Because the +ħ, 0 and +ħ values are equally, we can write: E[Jx2] = ħ2/3 + 0/3 + (−ħ)2/3 = [ħ2 + 0 + (−ħ)2]/3 = 2ħ2/3. In case you wonder, that’s just the definition of the expected value operator: E[X] = p1x1 + p2x2 + … = ∑pixi, with pi the likelihood of the possible value xi . So we take a weighted average with the respective probabilities as the weights. However, in this case, with an unpolarized beam, the weighted average becomes a simple average.
Now, E[Jy2] and E[Jz2] are – rather unsurprisingly – also equal to 2ħ2/3, so we find that E[J2] = E[Jx2] + E[Jx2] + E[Jx2] = 3·(2ħ2/3) = 2ħ2 and, therefore, we’d say that the magnitude of the angular momentum is equal to |J| = J = +√2·ħ ≈ 1.414·ħ. Now that value is not equal to the maximum value of our x-, y-, z-component of J, or the component of J in whatever direction we’d want to measure it. That maximum value is ħ, without the √2 factor, so that’s some 40% less than the magnitude we’ve just calculated!
Now, you’ve probably fallen asleep by now but, what this actually says, is that the angular momentum, in quantum mechanics, is never completely in any direction.
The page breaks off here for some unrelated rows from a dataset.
lemma local_op_AL_coefficients:
  "local_op (\<lambda>a b. AL_g s c a b l)" "local_op (\<lambda>a b. AL_fm1 s c a b r)"
  "local_op (\<lambda>a b. AL_hm1 s c a b r)"
proof -
  have hat: "local_op (\<lambda>a b n. AL_hat_f s a b k n)" "local_op (\<lambda>a b n. AL_hat_g s a b k n)"
    "local_op (\<lambda>a b n. AL_hat_h s a b k n)" for k
    using local_op_AL_hat_upto[of k s] by auto
  have fh: "local_op (\<lambda>a b. AL_f s c a b l)" "local_op (\<lambda>a b. AL_h s c a b l)" for l
    unfolding AL_f_def AL_h_def by (intro local_op_sum local_op_cmult hat finite_atMost)+
  show "local_op (\<lambda>a b. AL_fm1 s c a b r)" "local_op (\<lambda>a b. AL_hm1 s c a b r)"
    unfolding AL_fm1_def AL_hm1_def by (intro local_op_if local_op_const fh)+
  show "local_op (\<lambda>a b. AL_g s c a b l)"
    unfolding AL_g_def by (intro local_op_sum local_op_cmult hat finite_atMost)
qed

text \<open>The equation AL_r(alpha, beta) = 0 solved for the time derivatives.\<close>

definition AL_rhs_alpha :: "nat \<Rightarrow> nat \<Rightarrow> (nat \<Rightarrow> complex) \<Rightarrow> (nat \<Rightarrow> complex) \<Rightarrow> seq \<Rightarrow> seq \<Rightarrow> seq" where
  "AL_rhs_alpha rm rp cm cp a b n = \<i> * (a n * (AL_g True cp a b rp n + AL_g False cm a b rm (n - 1))
       - AL_fm1 True cp a b rp n + AL_fm1 False cm a b rm (n - 1))"

definition AL_rhs_beta :: "nat \<Rightarrow> nat \<Rightarrow> (nat \<Rightarrow> complex) \<Rightarrow> (nat \<Rightarrow> complex) \<Rightarrow> seq \<Rightarrow> seq \<Rightarrow> seq" where
  "AL_rhs_beta rm rp cm cp a b n = \<i> * (- (b n * (AL_g True cp a b rp (n - 1) + AL_g False cm a b rm n))
       + AL_hm1 False cm a b rm n - AL_hm1 True cp a b rp (n - 1))"

lemma local_op_AL_rhs:
  "local_op (AL_rhs_alpha rm rp cm cp)" "local_op (AL_rhs_beta rm rp cm cp)"
proof -
  have a: "local_op (\<lambda>a b n. a n)" and b: "local_op (\<lambda>a b n. b n)"
    using local_op_fst[of 0] local_op_snd[of 0] by simp_all
  show "local_op (AL_rhs_alpha rm rp cm cp)" "local_op (AL_rhs_beta rm rp cm cp)"
    unfolding AL_rhs_alpha_def[abs_def] AL_rhs_beta_def[abs_def]
    by (intro local_op_cmult local_op_add local_op_diff local_op_uminus local_op_mult a b
        local_op_AL_coefficients local_op_AL_coefficients[THEN local_op_shift_minus])+
qed

lemma minus_i_mult_eq_iff: "- \<i> * z = w \<longleftrightarrow> z = \<i> * w"
  by (auto simp: mult.assoc[symmetric])

lemma AL_solutionD:
  assumes "AL_solution rm rp cm cp I \<alpha> \<beta>"
  shows "\<exists>M \<alpha>' \<beta>'. \<forall>t\<in>I. \<forall>n. norm (\<alpha> t n) \<le> M \<and> norm (\<beta> t n) \<le> M \<and>
           ((\<lambda>s. \<alpha> s n) has_vector_derivative \<alpha>' t n) (at t) \<and>
           ((\<lambda>s. \<beta> s n) has_vector_derivative \<beta>' t n) (at t) \<and>
           \<alpha>' t n = AL_rhs_alpha rm rp cm cp (\<alpha> t) (\<beta> t) n \<and>
           \<beta>' t n = AL_rhs_beta rm rp cm cp (\<alpha> t) (\<beta> t) n"
proof -
  let ?G = "\<lambda>t n. AL_g True cp (\<alpha> t) (\<beta> t) rp n" and ?G' = "\<lambda>t n. AL_g False cm (\<alpha> t) (\<beta> t) rm n"
  obtain M \<alpha>' \<beta>' where M: "\<forall>t\<in>I. \<forall>n. norm (\<alpha> t n) \<le> M \<and> norm (\<beta> t n) \<le> M"
    and D: "\<forall>n. \<forall>t\<in>I.
           ((\<lambda>s. \<alpha> s n) has_vector_derivative \<alpha>' t n) (at t) \<and>
           ((\<lambda>s. \<beta> s n) has_vector_derivative \<beta>' t n) (at t) \<and>
           - \<i> * \<alpha>' t n - \<alpha> t n * (?G t n + ?G' t (n - 1))
             + AL_fm1 True cp (\<alpha> t) (\<beta> t) rp n - AL_fm1 False cm (\<alpha> t) (\<beta> t) rm (n - 1) = 0 \<and>
           - \<i> * \<beta>' t n + \<beta> t n * (?G t (n - 1) + ?G' t n)
             - AL_hm1 False cm (\<alpha> t) (\<beta> t) rm n + AL_hm1 True cp (\<alpha> t) (\<beta> t) rp (n - 1) = 0"
    using assms unfolding AL_solution_def by blast
  have "\<alpha>' t n = AL_rhs_alpha rm rp cm cp (\<alpha> t) (\<beta> t) n \<and> \<beta>' t n = AL_rhs_beta rm rp cm cp (\<alpha> t) (\<beta> t) n"
    if "t \<in> I" for t n
    using D that unfolding AL_rhs_alpha_def AL_rhs_beta_def minus_i_mult_eq_iff[symmetric]
    by (simp add: algebra_simps)
  with M D show ?thesis by blast
qed

section \<open>A Gronwall argument on the lattice\<close>

lemma norm_diff_le_by_comparison:
  fixes f f' :: "real \<Rightarrow> 'a::real_normed_vector"
  assumes "t0 \<le> s"
    and f': "\<And>r. r \<in> {t0..s} \<Longrightarrow> (f has_vector_derivative f' r) (at r)"
    and \<phi>': "\<And>r. r \<in> {t0..s} \<Longrightarrow> (\<phi> has_vector_derivative \<phi>' r) (at r)"
    and le: "\<And>r. t0 < r \<Longrightarrow> r < s \<Longrightarrow> norm (f' r) \<le> \<phi>' r"
  shows "norm (f s - f t0) \<le> \<phi> s - \<phi> t0"
proof (cases "t0 = s")
  case False
  then have "t0 < s" using \<open>t0 \<le> s\<close> by simp
  moreover have "continuous_on {t0..s} f" "continuous_on {t0..s} \<phi>"
    by (rule continuous_at_imp_continuous_on, use f' \<phi>' in \<open>blast intro: has_vector_derivative_continuous\<close>)+
  ultimately show ?thesis
    using f' \<phi>' le by (intro differentiable_bound_general[where f'=f' and \<phi>'=\<phi>']) auto
qed simp

lemma power_over_fact_tendsto_0: "(\<lambda>m. (c::real) ^ m / fact m) \<longlonglongrightarrow> 0"
  using summable_LIMSEQ_zero[OF summable_exp_generic[of c]] by (simp add: divide_inverse_commute)

lemma has_vector_derivative_reflect:
  assumes "(X has_vector_derivative D) (at (2 * t0 - s))"
  shows "((\<lambda>s. X (2 * t0 - s)) has_vector_derivative - D) (at s)"
proof -
  have "((\<lambda>s. 2 * t0 - s) has_vector_derivative -1) (at s)"
    by (auto intro!: derivative_eq_intros simp: has_real_derivative_iff_has_vector_derivative[symmetric])
  from vector_diff_chain_at[OF this assms] show ?thesis by (simp add: o_def)
qed

lemma picard_majorant_has_derivative:
  "((\<lambda>r. exp (lam * (r - t0)) * W + Mu * ((Lam * (r - t0)) ^ Suc m / fact (Suc m))) has_real_derivative
     lam * exp (lam * (r - t0)) * W + Mu * (Lam * ((Lam * (r - t0)) ^ m / fact m))) (at r)"
proof -
  have "((\<lambda>r. exp (lam * (r - t0)) * W + Mu * ((Lam * (r - t0)) ^ Suc m / fact (Suc m))) has_real_derivative
      exp (lam * (r - t0)) * (lam * (1 - 0)) * W
      + Mu * (real (Suc m) * (Lam * (r - t0)) ^ (Suc m - 1) * (Lam * (1 - 0)) / fact (Suc m))) (at r)"
    by (intro derivative_eq_intros refl | simp)+
  moreover have "Mu * (real (Suc m) * (Lam * (r - t0)) ^ (Suc m - 1) * (Lam * (1 - 0)) / fact (Suc m))
      = Mu * (Lam * ((Lam * (r - t0)) ^ m / fact m))"
    by simp
  ultimately show ?thesis by (simp only:) (simp add: algebra_simps)
qed

locale lattice_differential_inequality =
  fixes x y x' y' :: "real \<Rightarrow> int \<Rightarrow> complex" and J :: "real set" and t0 :: real
    and L Mu lam :: real and R :: nat and g W :: "int \<Rightarrow> real"
  assumes deriv_x: "\<And>s n. s \<in> J \<Longrightarrow> ((\<lambda>r. x r n) has_vector_derivative x' s n) (at s)"
    and deriv_y: "\<And>s n. s \<in> J \<Longrightarrow> ((\<lambda>r. y r n) has_vector_derivative y' s n) (at s)"
    and bounded: "\<And>s n. s \<in> J \<Longrightarrow> norm (x s n) + norm (y s n) \<le> Mu"
    and deriv_x_le: "\<And>s n. s \<in> J \<Longrightarrow>
      norm (x' s n) \<le> L * (\<Sum>j\<in>{-int R..int R}. norm (x s (n + j)) + norm (y s (n + j))) + g n"
    and deriv_y_le: "\<And>s n. s \<in> J \<Longrightarrow>
      norm (y' s n) \<le> L * (\<Sum>j\<in>{-int R..int R}. norm (x s (n + j)) + norm (y s (n + j))) + g n"
    and L_nonneg: "0 \<le> L" and g_nonneg: "\<And>n. 0 \<le> g n" and lam_nonneg: "0 \<le> lam"
    and init_le: "\<And>n. norm (x t0 n) + norm (y t0 n) \<le> W n"
    and supersolution: "\<And>n. L * (\<Sum>j\<in>{-int R..int R}. W (n + j)) + g n \<le> lam / 2 * W n"
begin

lemma picard_window_bound:
  defines "Lam \<equiv> 2 * L * (2 * real R + 1)"
  assumes "t0 \<le> r"
    and prev: "\<And>n. norm (x r n) + norm (y r n) \<le> exp (lam * (r - t0)) * W n + Mu * ((Lam * (r - t0)) ^ m / fact m)"
  shows "L * (\<Sum>j\<in>{-int R..int R}. norm (x r (n + j)) + norm (y r (n + j))) + g n
    \<le> (lam * exp (lam * (r - t0)) * W n + Mu * (Lam * ((Lam * (r - t0)) ^ m / fact m))) / 2"
proof -
  define E where "E = exp (lam * (r - t0))"
  define c where "c = (Lam * (r - t0)) ^ m / fact m"
  have "1 \<le> E" unfolding E_def using lam_nonneg \<open>t0 \<le> r\<close> by simp
  have "(\<Sum>j\<in>{-int R..int R}. norm (x r (n + j)) + norm (y r (n + j)))
      \<le> (\<Sum>j\<in>{-int R..int R}. E * W (n + j) + Mu * c)"
    using prev unfolding E_def c_def by (intro sum_mono) simp
  also have "\<dots> = E * (\<Sum>j\<in>{-int R..int R}. W (n + j)) + (2 * real R + 1) * (Mu * c)"
    by (simp add: sum.distrib sum_distrib_left)
  finally have "L * (\<Sum>j\<in>{-int R..int R}. norm (x r (n + j)) + norm (y r (n + j))) + g n
      \<le> L * (E * (\<Sum>j\<in>{-int R..int R}. W (n + j)) + (2 * real R + 1) * (Mu * c)) + E * g n"
    using L_nonneg g_nonneg[of n] \<open>1 \<le> E\<close> mult_right_mono[of 1 E "g n"]
    by (intro add_mono mult_left_mono) auto
  also have "\<dots> = E * (L * (\<Sum>j\<in>{-int R..int R}. W (n + j)) + g n) + Lam / 2 * (Mu * c)"
    unfolding Lam_def by (simp add: algebra_simps)
  also have "\<dots> \<le> E * (lam / 2 * W n) + Lam / 2 * (Mu * c)"
    using supersolution[of n] \<open>1 \<le> E\<close> by (intro add_right_mono mult_left_mono) auto
  also have "\<dots> = (lam * E * W n + Mu * (Lam * c)) / 2" by (simp add: algebra_simps)
  finally show ?thesis unfolding E_def c_def .
qed
lemma foldr_push_letter_push_letter:
  assumes "reduced w" "reduced r"
  shows "foldr push_letter (push_letter a w) r = push_letter a (foldr push_letter w r)"
proof (cases w)
  case (Cons b w')
  have "reduced (foldr push_letter w' r)"
    using assms Cons by (auto intro: reduced_foldr_push_letter dest: reduced_tl)
  then have "cancels a b \<Longrightarrow> push_letter a (push_letter b (foldr push_letter w' r)) = foldr push_letter w' r"
    by (simp add: cancels_iff_inv_letter push_letter_cancel)
  then show ?thesis
    using Cons by (simp add: push_letter_def)
qed (simp add: push_letter_def)

lemma foldr_push_letter_reduce: "reduced r \<Longrightarrow> foldr push_letter (reduce u) r = foldr push_letter u r"
  by (induction u) (simp_all add: reduce_Cons foldr_push_letter_push_letter reduced_reduce)

lemma reduce_reduce_append: "reduce (reduce u @ v) = reduce (u @ v)"
  by (simp add: reduce_append foldr_push_letter_reduce reduced_reduce)

lemma reduce_append_reduce: "reduce (u @ reduce v) = reduce (u @ v)"
  by (simp add: reduce_append reduce_reduced reduced_reduce)

definition inv_word :: "('x \<times> bool) list \<Rightarrow> ('x \<times> bool) list" where
  "inv_word w = rev (map inv_letter w)"

lemma foldr_push_letter_inv_word:
  "reduced r \<Longrightarrow> foldr push_letter (inv_word w) (foldr push_letter w r) = r"
  by (induction w)
    (simp_all add: inv_word_def push_letter_cancel[of _ "inv_letter _", simplified]
      reduced_foldr_push_letter)

lemma reduce_inv_word_append: "reduce (inv_word w @ w) = []"
  using foldr_push_letter_inv_word[of "[]" w] by (simp add: reduce_append reduce_def)

lemma fst_set_inv_word: "fst ` set (inv_word w) = fst ` set w"
  by (force simp: inv_word_def inv_letter_def image_iff)

lemma group_free_group: "group (free_group S)"
proof (rule groupI)
  fix x y assume "x \<in> carrier (free_group S)" "y \<in> carrier (free_group S)"
  then show "x \<otimes>\<^bsub>free_group S\<^esub> y \<in> carrier (free_group S)"
    using set_reduce[of "x @ y"] by (force simp: free_group_def reduced_reduce)
next
  fix x y z
  show "x \<otimes>\<^bsub>free_group S\<^esub> y \<otimes>\<^bsub>free_group S\<^esub> z = x \<otimes>\<^bsub>free_group S\<^esub> (y \<otimes>\<^bsub>free_group S\<^esub> z)"
    by (simp add: free_group_def reduce_reduce_append reduce_append_reduce)
next
  fix x assume x: "x \<in> carrier (free_group S)"
  then show "\<one>\<^bsub>free_group S\<^esub> \<otimes>\<^bsub>free_group S\<^esub> x = x"
    by (simp add: free_group_def reduce_reduced)
  have "reduce (inv_word x) \<in> carrier (free_group S)"
    using x set_reduce[of "inv_word x"] fst_set_inv_word[of x]
    by (auto simp: free_group_def reduced_reduce)
  moreover have "reduce (inv_word x) \<otimes>\<^bsub>free_group S\<^esub> x = \<one>\<^bsub>free_group S\<^esub>"
    by (simp add: free_group_def reduce_reduce_append reduce_inv_word_append)
  ultimately show "\<exists>y\<in>carrier (free_group S). y \<otimes>\<^bsub>free_group S\<^esub> x = \<one>\<^bsub>free_group S\<^esub>"
    by blast
qed (simp add: free_group_def)

lemma one_free_group [simp]: "\<one>\<^bsub>free_group S\<^esub> = []"
  by (simp add: free_group_def)

lemma infinite_free_group:
  assumes "s \<in> S" shows "infinite (carrier (free_group S))"
proof -
  have "inj (\<lambda>k. replicate k (s, True))"
    by (rule injI) simp
  moreover have "range (\<lambda>k. replicate k (s, True)) \<subseteq> carrier (free_group S)"
    using assms by (auto simp: free_group_def reduced_def cancels_def)
  ultimately show ?thesis
    using range_inj_infinite infinite_super by blast
qed

definition eval_letter :: "('a, 'b) monoid_scheme \<Rightarrow> ('x \<Rightarrow> 'a) \<Rightarrow> 'x \<times> bool \<Rightarrow> 'a" where
  "eval_letter G h a = (if snd a then h (fst a) else inv\<^bsub>G\<^esub> h (fst a))"

definition eval_word :: "('a, 'b) monoid_scheme \<Rightarrow> ('x \<Rightarrow> 'a) \<Rightarrow> ('x \<times> bool) list \<Rightarrow> 'a" where
  "eval_word G h w = foldr (\<lambda>a x. eval_letter G h a \<otimes>\<^bsub>G\<^esub> x) w \<one>\<^bsub>G\<^esub>"

lemma eval_word_Nil [simp]: "eval_word G h [] = \<one>\<^bsub>G\<^esub>"
  by (simp add: eval_word_def)

lemma eval_word_Cons [simp]: "eval_word G h (a # w) = eval_letter G h a \<otimes>\<^bsub>G\<^esub> eval_word G h w"
  by (simp add: eval_word_def)

context group
begin

lemma eval_letter_closed: "h \<in> S \<rightarrow> carrier G \<Longrightarrow> fst a \<in> S \<Longrightarrow> eval_letter G h a \<in> carrier G"
  by (auto simp: eval_letter_def)

lemma eval_word_closed: "h \<in> S \<rightarrow> carrier G \<Longrightarrow> fst ` set w \<subseteq> S \<Longrightarrow> eval_word G h w \<in> carrier G"
  by (induction w) (auto simp: eval_letter_closed)

lemma eval_word_push_letter:
  assumes h: "h \<in> S \<rightarrow> carrier G" and a: "fst a \<in> S" and w: "fst ` set w \<subseteq> S"
  shows "eval_word G h (push_letter a w) = eval_letter G h a \<otimes> eval_word G h w"
proof (cases w)
  case (Cons b r)
  show ?thesis
  proof (cases "b = inv_letter a")
    case True
    have "h (fst a) \<in> carrier G"
      using h a by auto
    then have "eval_letter G h a \<otimes> eval_letter G h b = \<one>"
      using True by (cases a) (auto simp: eval_letter_def inv_letter_def)
    then show ?thesis
      using Cons True h a w
      by (simp add: push_letter_def cancels_iff_inv_letter eval_letter_closed eval_word_closed
          flip: m_assoc)
  qed (simp add: Cons push_letter_def cancels_iff_inv_letter)
qed (simp add: push_letter_def)

lemma eval_word_reduce: "h \<in> S \<rightarrow> carrier G \<Longrightarrow> fst ` set w \<subseteq> S \<Longrightarrow> eval_word G h (reduce w) = eval_word G h w"
proof (induction w)
  case (Cons a w)
  have "fst ` set (reduce w) \<subseteq> S"
    using Cons.prems set_reduce[of w] by auto
  with Cons show ?case
    by (simp add: reduce_Cons eval_word_push_letter)
qed simp

lemma eval_word_append:
  "h \<in> S \<rightarrow> carrier G \<Longrightarrow> fst ` set u \<subseteq> S \<Longrightarrow> fst ` set v \<subseteq> S \<Longrightarrow>
    eval_word G h (u @ v) = eval_word G h u \<otimes> eval_word G h v"
  by (induction u) (auto simp: m_assoc eval_letter_closed eval_word_closed)
(* For $\lambda\ge0$ let $P_\lambda(q)=\lambda\int_0^qv(t)\,dt+(1-\lambda)\,q\,v(q)$ on $[0,1]$, let $\bar P_\lambda$ be its concave hull, $R^*(\lambda)=\max_{q\in[0,1]}P_\lambda(q)=\max_q\bar P_\lambda(q)$, $Q^*(\lambda)=\arg\max_{q\in[0,1]}\bar P_\lambda(q)$ (a point or a closed interval), $\ell(\lambda)=\inf Q^*(\lambda)$ and $r(\lambda)=\sup Q^*(\lambda)$. Then: (1) $R^*$ is continuous on $[0,\infty)$; (2) for any $\lambda>\lambda'\ge0$, $\ell(\lambda)\ge\ell(\lambda')$ and $r(\lambda)\ge r(\lambda')$; (3) $\lambda\mapsto Q^*(\lambda)$ is upper hemicontinuous on $[0,1]$; (4) for every $q\in[\ell(0),1]$ there is $\lambda\ge0$ with $q\in Q^*(\lambda)$; (5) if $\lambda'<\lambda$ and $\ell(\lambda)<r(\lambda')$, then $r(\lambda')=r(\lambda)=1$.
   Context: $F$ is a value distribution (support $[v_L,v_H]$ or $[v_L,\infty)$, $v_L\ge0$, atomless except possibly at $v_H$, CDF $F(t)=\Pr[v<t]$, differentiable on the interior, with some price maximizing $p(1-F(p))$, finite mean). The value function is $v(q)=\inf\{v:F(v)>1-q\}$ for quantile $q\in[0,1]$; it is nonincreasing, nonnegative and left-continuous, and $q\,v(q)$ at $q=0$ is defined as its limit as $q\to0$. *)

theory Defs
  imports "HOL-Analysis.Analysis"
begin

text \<open>Standing assumptions on the value distribution. F t = Pr[v < t];
  support [vL, vH] (vH finite) or [vL, \<infinity>) (vH = \<infinity>).\<close>
definition value_dist :: "(real \<Rightarrow> real) \<Rightarrow> real \<Rightarrow> ereal \<Rightarrow> bool" where
  "value_dist F vL vH \<longleftrightarrow>
     0 \<le> vL \<and> ereal vL \<le> vH \<and>
     \<comment> \<open>F is the (left-continuous) CDF t \<mapsto> Pr[v < t] of a probability distribution\<close>
     mono F \<and> (\<forall>t. (F \<longlongrightarrow> F t) (at_left t)) \<and> (F \<longlongrightarrow> 1) at_top \<and>
     \<comment> \<open>support is exactly [vL, vH] (resp. [vL, \<infinity>))\<close>
     (\<forall>t. t \<le> vL \<longrightarrow> F t = 0) \<and> (\<forall>t. vH < ereal t \<longrightarrow> F t = 1) \<and>
     strict_mono_on {t. vL \<le> t \<and> ereal t \<le> vH} F \<and>
     \<comment> \<open>atomless except possibly at vH\<close>
     (\<forall>t. ereal t \<noteq> vH \<longrightarrow> isCont F t) \<and>
     \<comment> \<open>differentiable on the interior of the support\<close>
     (\<forall>t. vL < t \<and> ereal t < vH \<longrightarrow> F differentiable (at t)) \<and>
     \<comment> \<open>some price maximizes p (1 - F p)\<close>
     (\<exists>p\<ge>0. \<forall>p'\<ge>0. p' * (1 - F p') \<le> p * (1 - F p)) \<and>
     \<comment> \<open>finite mean: E[v] = \<integral>_0^\<infinity> (1 - F t) dt < \<infinity>\<close>
     (\<lambda>t. 1 - F t) integrable_on {0..}"

definition vq :: "(real \<Rightarrow> real) \<Rightarrow> real \<Rightarrow> real" where
  "vq F q = Inf {x. F x > 1 - q}"

definition qv :: "(real \<Rightarrow> real) \<Rightarrow> real \<Rightarrow> real" where
  "qv F q = (if q = 0 then Lim (at_right 0) (\<lambda>t. t * vq F t) else q * vq F q)"

definition Plam :: "(real \<Rightarrow> real) \<Rightarrow> real \<Rightarrow> real \<Rightarrow> real" where
  "Plam F lam q = lam * integral {0..q} (vq F) + (1 - lam) * qv F q"

definition concave_hull01 :: "(real \<Rightarrow> real) \<Rightarrow> real \<Rightarrow> real" where
  "concave_hull01 P q =
     Inf {g q | g. concave_on {0..1} g \<and> (\<forall>x\<in>{0..1}. P x \<le> g x)}"

definition Pbar :: "(real \<Rightarrow> real) \<Rightarrow> real \<Rightarrow> real \<Rightarrow> real" where
  "Pbar F lam = concave_hull01 (Plam F lam)"

definition Rstar :: "(real \<Rightarrow> real) \<Rightarrow> real \<Rightarrow> real" where
  "Rstar F lam = Sup (Plam F lam ` {0..1})"

definition Qstar :: "(real \<Rightarrow> real) \<Rightarrow> real \<Rightarrow> real set" where
  "Qstar F lam = {q \<in> {0..1}. \<forall>q'\<in>{0..1}. Pbar F lam q' \<le> Pbar F lam q}"

definition lQ :: "(real \<Rightarrow> real) \<Rightarrow> real \<Rightarrow> real" where
  "lQ F lam = Inf (Qstar F lam)"

definition rQ :: "(real \<Rightarrow> real) \<Rightarrow> real \<Rightarrow> real" where
  "rQ F lam = Sup (Qstar F lam)"

definition upper_hemicontinuous_on :: "'a::topological_space set \<Rightarrow> ('a \<Rightarrow> 'b::topological_space set) \<Rightarrow> bool" where
  "upper_hemicontinuous_on S \<Phi> \<longleftrightarrow>
     (\<forall>x\<in>S. \<forall>U. open U \<and> \<Phi> x \<subseteq> U \<longrightarrow> (\<forall>\<^sub>F y in at x within S. \<Phi> y \<subseteq> U))"

end

theory Submission
  imports Defs
begin

text \<open>Write P_lam = B + lam (A - B) with A q = \<integral>_0^q v and B q = q v(q). As v is nonincreasing,
  A - B is nondecreasing, so the family has single crossing in (lam, q): a maximizer for a larger lam
  can lie left of one for a smaller lam only if A and B are both flat in between, which forces v = 0
  from there on. This yields the monotonicity of l and r, and r = 1 whenever the argmax sets overlap.
  For continuous P the concave hull is maximal exactly on [min argmax P, max argmax P], so
  Q*(lam) = [l(lam), r(lam)]. Since P_lam is Lipschitz in lam uniformly in q, R* is continuous and the
  argmax is upper hemicontinuous; every q \<ge> l(0) is then reached at the first lam with q \<le> r(lam),
  using r(1) = 1.\<close>

section \<open>Concave hull on the unit interval\<close>

lemma concave_on_affine: "convex S \<Longrightarrow> concave_on S (\<lambda>y::real. \<alpha> + \<beta> * y)"
  by (simp add: concave_on_iff ring_distribs flip: distrib_right)

lemma concave_hull01_le_majorant:
  assumes "concave_on {0..1} g" "\<forall>y\<in>{0..1}. P y \<le> g y" "x \<in> {0..1}"
  shows "concave_hull01 P x \<le> g x"
  unfolding concave_hull01_def
proof (rule cInf_lower)
  show "g x \<in> {g x | g. concave_on {0..1} g \<and> (\<forall>y\<in>{0..1}. P y \<le> g y)}"
    using assms(1,2) by blast
  show "bdd_below {g x | g. concave_on {0..1} g \<and> (\<forall>y\<in>{0..1}. P y \<le> g y)}"
    using assms(3) by (intro bdd_belowI[of _ "P x"]) auto
qed

lemma concave_hull01_le_affine:
  assumes "\<forall>y\<in>{0..1}. P y \<le> \<alpha> + \<beta> * y" "x \<in> {0..1}"
  shows "concave_hull01 P x \<le> \<alpha> + \<beta> * x"
  using concave_hull01_le_majorant[OF concave_on_affine assms] by simp

lemma concave_hull01_ge_min:
  assumes "\<forall>y\<in>{0..1}. P y \<le> M" "a \<in> {0..1}" "b \<in> {0..1}" "x \<in> {a..b}"
  shows "min (P a) (P b) \<le> concave_hull01 P x"
  unfolding concave_hull01_def
proof (rule cInf_greatest)
  show "{g x | g. concave_on {0..1} g \<and> (\<forall>y\<in>{0..1}. P y \<le> g y)} \<noteq> {}"
    using assms(1) by (auto intro!: exI[of _ "\<lambda>_. M"] simp: concave_on_const)
next
  fix z assume "z \<in> {g x | g. concave_on {0..1} g \<and> (\<forall>y\<in>{0..1}. P y \<le> g y)}"
  then obtain g where z: "z = g x" and "concave_on {0..1} g" and maj: "\<forall>y\<in>{0..1}. P y \<le> g y"
    by auto
  then have "concave_on {a..b} g"
    using assms(2,3) unfolding concave_on_def by (auto elim!: convex_on_subset)
  then have "min (g a) (g b) \<le> g x"
    using assms(4) by (rule concave_on_ge_min)
  moreover have "P a \<le> g a" "P b \<le> g b"
    using maj assms(2,3) by auto
  ultimately show "min (P a) (P b) \<le> z"
    unfolding z by (meson min.mono order.trans)
qed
We can state this in another way: it implies that, in quantum mechanics, there’s no such thing really as a ‘definite’ direction of the angular momentum.
OK. Enough on this. Let’s move on to a more ‘real’ example. Before I continue though, let me generalize the results above:
[I] A particle, or a system, will have a characteristic spin number: j. That number is always an integer or a half-integer, and it determines a discrete set of possible values for the component of the angular momentum J in any direction.
[II] The number of values is equal to 2j + 1, and these values are separated by ħ, which is why they are usually measured in units of ħ, i.e. Planck’s reduced constant: ħ ≈ 1×10−34 J·s, so that’s tiny but real. 🙂 [It’s always good to remind oneself that we’re actually trying to describe reality.] For example, the permitted values for a spin-3/2 particle are +3ħ/2, +ħ/2, −ħ/2 and −3ħ/2 or, measured in units of ħ, +3/2, +1/2, −1/2 and −3/2. When discussing spin-1/2 particles, we’ll often refer to the two possible states as the ‘up’ and the ‘down’ state respectively. For example, we may write the amplitude for an electron or a proton to have a angular momentum in the x-direction equal to +ħ/2 or −ħ/2 as 〈+x〉 and 〈−x〉 respectively. [Don’t worry too much about it right now: you’ll get used to the notation quickly.]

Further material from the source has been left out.